→ **What the task asks**:
Return every line of the data that contains the string "condition".

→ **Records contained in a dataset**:
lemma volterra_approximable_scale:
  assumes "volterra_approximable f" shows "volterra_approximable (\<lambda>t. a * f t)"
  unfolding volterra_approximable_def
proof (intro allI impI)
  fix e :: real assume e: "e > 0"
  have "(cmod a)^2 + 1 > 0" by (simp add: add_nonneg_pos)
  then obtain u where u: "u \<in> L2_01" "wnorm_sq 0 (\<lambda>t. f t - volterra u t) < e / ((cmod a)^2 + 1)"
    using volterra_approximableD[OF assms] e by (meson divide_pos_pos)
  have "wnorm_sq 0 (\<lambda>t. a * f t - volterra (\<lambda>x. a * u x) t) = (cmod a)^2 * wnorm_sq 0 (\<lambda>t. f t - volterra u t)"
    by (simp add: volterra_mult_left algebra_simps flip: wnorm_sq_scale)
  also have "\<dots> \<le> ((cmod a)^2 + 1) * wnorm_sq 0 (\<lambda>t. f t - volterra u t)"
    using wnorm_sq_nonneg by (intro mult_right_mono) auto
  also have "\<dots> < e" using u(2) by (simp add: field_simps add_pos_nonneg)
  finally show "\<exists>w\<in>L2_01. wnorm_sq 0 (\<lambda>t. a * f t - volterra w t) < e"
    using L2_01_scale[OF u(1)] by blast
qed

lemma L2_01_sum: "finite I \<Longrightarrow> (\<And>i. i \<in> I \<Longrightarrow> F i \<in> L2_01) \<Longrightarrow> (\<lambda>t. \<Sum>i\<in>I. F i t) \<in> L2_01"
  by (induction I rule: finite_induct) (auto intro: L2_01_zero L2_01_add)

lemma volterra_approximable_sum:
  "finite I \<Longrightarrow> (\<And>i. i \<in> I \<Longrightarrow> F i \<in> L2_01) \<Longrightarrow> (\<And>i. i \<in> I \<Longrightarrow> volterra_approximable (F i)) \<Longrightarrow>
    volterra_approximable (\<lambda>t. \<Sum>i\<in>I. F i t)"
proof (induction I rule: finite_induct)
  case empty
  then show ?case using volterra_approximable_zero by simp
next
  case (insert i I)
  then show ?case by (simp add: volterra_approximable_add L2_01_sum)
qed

---

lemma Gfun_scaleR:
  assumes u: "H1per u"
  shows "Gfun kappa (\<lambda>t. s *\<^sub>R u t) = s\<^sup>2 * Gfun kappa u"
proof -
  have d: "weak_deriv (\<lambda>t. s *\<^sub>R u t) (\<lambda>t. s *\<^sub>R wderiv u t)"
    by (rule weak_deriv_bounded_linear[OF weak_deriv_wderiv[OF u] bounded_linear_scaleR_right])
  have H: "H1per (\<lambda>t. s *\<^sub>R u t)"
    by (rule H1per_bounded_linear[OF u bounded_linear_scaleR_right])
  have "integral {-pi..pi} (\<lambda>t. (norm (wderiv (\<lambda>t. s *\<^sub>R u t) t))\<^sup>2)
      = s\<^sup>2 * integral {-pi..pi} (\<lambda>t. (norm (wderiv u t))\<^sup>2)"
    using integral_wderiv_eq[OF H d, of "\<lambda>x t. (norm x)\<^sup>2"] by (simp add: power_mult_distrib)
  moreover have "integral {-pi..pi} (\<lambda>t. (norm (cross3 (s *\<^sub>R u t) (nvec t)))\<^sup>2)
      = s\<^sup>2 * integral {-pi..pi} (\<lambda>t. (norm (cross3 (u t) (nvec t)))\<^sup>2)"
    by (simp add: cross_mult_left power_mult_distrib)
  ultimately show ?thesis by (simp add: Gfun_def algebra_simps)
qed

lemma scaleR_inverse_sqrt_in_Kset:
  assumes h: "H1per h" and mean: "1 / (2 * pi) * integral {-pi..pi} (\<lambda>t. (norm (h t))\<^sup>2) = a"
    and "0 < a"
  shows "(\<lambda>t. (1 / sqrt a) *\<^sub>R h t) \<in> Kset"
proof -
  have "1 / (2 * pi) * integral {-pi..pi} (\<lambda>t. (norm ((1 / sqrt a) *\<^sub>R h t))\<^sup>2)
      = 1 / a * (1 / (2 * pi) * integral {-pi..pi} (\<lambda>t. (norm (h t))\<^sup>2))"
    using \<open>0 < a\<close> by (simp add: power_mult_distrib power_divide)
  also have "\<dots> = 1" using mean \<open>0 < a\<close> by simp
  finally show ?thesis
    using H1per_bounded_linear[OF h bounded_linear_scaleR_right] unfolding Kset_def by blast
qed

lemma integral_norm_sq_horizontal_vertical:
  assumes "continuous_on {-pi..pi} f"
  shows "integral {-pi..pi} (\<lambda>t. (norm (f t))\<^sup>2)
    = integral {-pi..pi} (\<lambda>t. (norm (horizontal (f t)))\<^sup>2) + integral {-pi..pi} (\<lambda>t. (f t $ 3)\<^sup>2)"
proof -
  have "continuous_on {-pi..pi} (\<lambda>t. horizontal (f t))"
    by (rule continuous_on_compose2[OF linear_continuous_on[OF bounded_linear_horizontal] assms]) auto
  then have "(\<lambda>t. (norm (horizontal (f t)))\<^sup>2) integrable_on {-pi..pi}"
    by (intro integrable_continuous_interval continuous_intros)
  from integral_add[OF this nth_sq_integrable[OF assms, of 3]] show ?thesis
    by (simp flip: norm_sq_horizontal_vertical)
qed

--

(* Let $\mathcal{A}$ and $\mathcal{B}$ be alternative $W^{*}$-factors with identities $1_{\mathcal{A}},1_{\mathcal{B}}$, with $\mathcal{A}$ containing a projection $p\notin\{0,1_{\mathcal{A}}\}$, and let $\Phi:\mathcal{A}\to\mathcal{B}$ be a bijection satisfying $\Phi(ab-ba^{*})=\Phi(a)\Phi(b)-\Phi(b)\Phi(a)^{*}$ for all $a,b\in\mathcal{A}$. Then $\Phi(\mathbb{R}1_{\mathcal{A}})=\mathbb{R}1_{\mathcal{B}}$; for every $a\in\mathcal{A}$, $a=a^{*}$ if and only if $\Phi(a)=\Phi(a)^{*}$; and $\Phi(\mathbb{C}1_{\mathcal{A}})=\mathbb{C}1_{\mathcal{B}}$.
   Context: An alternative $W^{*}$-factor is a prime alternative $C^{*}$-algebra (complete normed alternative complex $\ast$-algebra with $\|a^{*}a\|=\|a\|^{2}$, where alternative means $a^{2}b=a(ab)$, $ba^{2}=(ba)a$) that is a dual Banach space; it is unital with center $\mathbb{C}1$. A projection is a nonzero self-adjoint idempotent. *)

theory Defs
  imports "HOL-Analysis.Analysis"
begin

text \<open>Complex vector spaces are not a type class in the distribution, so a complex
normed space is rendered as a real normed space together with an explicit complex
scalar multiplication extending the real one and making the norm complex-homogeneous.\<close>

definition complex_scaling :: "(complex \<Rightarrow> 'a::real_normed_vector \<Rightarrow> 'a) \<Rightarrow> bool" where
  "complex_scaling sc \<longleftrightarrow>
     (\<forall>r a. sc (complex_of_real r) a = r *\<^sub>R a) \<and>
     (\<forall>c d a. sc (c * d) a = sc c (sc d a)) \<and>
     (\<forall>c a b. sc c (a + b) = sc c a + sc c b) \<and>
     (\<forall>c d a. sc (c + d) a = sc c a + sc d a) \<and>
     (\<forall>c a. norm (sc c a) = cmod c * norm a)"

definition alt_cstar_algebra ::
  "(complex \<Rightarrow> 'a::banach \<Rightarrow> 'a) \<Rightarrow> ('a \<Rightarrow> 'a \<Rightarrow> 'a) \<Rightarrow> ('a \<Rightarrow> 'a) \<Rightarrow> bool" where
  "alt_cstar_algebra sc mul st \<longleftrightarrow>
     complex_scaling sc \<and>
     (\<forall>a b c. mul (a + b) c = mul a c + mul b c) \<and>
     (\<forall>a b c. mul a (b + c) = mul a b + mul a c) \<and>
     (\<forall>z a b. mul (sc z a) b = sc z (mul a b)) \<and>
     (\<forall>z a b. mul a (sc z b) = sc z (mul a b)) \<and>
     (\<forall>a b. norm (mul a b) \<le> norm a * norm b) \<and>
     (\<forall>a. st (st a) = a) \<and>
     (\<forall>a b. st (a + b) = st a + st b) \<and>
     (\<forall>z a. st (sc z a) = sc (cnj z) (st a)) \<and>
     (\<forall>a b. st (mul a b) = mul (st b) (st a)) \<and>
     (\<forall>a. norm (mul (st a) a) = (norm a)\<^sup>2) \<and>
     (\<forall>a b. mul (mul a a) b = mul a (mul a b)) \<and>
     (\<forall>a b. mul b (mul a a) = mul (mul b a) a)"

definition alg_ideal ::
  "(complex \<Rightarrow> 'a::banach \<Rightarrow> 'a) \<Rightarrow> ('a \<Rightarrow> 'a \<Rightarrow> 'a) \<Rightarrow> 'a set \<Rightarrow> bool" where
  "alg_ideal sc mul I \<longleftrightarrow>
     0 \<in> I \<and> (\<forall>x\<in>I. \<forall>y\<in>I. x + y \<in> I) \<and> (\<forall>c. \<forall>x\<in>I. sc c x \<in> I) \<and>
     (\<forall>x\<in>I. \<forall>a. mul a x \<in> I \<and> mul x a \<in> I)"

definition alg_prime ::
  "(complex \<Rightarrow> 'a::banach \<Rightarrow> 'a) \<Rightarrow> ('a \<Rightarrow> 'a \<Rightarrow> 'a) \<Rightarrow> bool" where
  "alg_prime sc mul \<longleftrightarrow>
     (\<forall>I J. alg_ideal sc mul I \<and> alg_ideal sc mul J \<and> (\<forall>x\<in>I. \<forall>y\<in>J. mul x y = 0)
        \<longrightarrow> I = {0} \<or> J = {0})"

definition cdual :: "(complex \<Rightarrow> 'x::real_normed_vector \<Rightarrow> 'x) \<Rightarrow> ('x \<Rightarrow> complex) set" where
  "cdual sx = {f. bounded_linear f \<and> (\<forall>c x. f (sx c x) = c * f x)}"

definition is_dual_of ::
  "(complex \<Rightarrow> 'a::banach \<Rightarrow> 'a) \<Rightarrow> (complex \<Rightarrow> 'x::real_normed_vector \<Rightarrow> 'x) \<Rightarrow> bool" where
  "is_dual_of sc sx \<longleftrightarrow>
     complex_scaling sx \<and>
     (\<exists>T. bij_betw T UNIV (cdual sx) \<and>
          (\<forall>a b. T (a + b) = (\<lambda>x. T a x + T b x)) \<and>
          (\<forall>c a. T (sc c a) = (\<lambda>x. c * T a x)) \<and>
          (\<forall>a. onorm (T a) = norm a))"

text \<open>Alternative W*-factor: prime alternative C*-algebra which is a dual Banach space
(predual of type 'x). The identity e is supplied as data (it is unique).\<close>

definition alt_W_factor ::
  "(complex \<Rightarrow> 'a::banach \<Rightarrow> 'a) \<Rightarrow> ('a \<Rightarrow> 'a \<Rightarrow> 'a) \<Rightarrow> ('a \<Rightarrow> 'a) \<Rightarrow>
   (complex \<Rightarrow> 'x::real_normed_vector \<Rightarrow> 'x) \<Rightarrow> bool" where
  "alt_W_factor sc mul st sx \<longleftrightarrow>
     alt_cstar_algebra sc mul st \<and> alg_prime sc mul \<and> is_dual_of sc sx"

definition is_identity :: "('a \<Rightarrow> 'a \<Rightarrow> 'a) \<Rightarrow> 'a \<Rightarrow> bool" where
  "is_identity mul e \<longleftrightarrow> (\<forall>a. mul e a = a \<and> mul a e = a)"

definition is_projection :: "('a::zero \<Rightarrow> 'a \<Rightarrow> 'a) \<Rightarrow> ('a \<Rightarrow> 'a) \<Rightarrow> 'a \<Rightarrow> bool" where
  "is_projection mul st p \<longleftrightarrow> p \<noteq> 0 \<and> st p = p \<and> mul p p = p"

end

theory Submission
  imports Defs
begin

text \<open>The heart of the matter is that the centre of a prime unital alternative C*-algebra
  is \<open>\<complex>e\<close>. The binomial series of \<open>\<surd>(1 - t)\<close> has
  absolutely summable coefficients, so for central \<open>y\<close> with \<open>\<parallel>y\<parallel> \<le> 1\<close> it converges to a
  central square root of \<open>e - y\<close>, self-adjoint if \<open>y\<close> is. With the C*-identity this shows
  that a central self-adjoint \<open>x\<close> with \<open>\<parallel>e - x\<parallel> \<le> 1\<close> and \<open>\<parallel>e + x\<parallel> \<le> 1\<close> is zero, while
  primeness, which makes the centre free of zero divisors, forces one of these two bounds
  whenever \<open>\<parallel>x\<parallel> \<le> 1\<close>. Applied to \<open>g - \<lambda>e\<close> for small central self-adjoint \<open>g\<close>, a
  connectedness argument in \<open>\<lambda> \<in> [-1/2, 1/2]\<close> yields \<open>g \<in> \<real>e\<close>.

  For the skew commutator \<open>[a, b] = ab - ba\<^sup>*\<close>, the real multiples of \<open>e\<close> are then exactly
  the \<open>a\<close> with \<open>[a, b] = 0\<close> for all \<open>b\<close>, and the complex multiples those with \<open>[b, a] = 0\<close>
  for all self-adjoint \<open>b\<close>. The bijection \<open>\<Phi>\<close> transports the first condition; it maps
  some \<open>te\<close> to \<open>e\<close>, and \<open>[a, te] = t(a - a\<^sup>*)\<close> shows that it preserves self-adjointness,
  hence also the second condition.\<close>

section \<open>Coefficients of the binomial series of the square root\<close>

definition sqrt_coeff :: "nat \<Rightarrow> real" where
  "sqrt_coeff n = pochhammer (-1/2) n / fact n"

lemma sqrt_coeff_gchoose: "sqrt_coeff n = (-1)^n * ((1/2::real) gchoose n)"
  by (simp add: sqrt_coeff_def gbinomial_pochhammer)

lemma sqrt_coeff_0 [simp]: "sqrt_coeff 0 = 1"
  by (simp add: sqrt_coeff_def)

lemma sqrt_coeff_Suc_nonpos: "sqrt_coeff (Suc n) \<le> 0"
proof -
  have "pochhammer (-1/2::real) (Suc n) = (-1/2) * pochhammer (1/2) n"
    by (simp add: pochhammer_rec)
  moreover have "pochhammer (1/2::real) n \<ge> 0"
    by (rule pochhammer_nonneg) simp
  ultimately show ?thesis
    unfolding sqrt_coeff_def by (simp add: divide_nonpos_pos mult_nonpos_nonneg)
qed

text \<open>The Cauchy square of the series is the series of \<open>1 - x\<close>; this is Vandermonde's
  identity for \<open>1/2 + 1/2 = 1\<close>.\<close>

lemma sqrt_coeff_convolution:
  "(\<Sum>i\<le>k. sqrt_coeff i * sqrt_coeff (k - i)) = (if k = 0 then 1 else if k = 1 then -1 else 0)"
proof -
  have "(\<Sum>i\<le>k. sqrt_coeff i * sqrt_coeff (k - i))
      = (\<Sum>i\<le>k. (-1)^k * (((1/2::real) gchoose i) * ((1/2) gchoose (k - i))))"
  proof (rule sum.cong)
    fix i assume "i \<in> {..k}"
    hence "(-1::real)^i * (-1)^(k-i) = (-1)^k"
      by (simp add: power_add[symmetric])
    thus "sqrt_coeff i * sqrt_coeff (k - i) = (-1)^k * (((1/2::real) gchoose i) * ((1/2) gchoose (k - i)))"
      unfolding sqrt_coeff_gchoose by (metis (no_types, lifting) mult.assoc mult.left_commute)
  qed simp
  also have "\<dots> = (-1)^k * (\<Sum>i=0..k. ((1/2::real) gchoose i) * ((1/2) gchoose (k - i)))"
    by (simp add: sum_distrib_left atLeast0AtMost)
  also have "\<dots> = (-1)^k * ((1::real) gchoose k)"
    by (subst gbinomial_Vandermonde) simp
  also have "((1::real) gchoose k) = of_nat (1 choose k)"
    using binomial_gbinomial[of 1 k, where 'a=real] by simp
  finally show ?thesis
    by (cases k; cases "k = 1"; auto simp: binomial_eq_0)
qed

→ **Answer box**:
  for all self-adjoint \<open>b\<close>. The bijection \<open>\<Phi>\<close> transports the first condition; it maps
  hence also the second condition.\<close>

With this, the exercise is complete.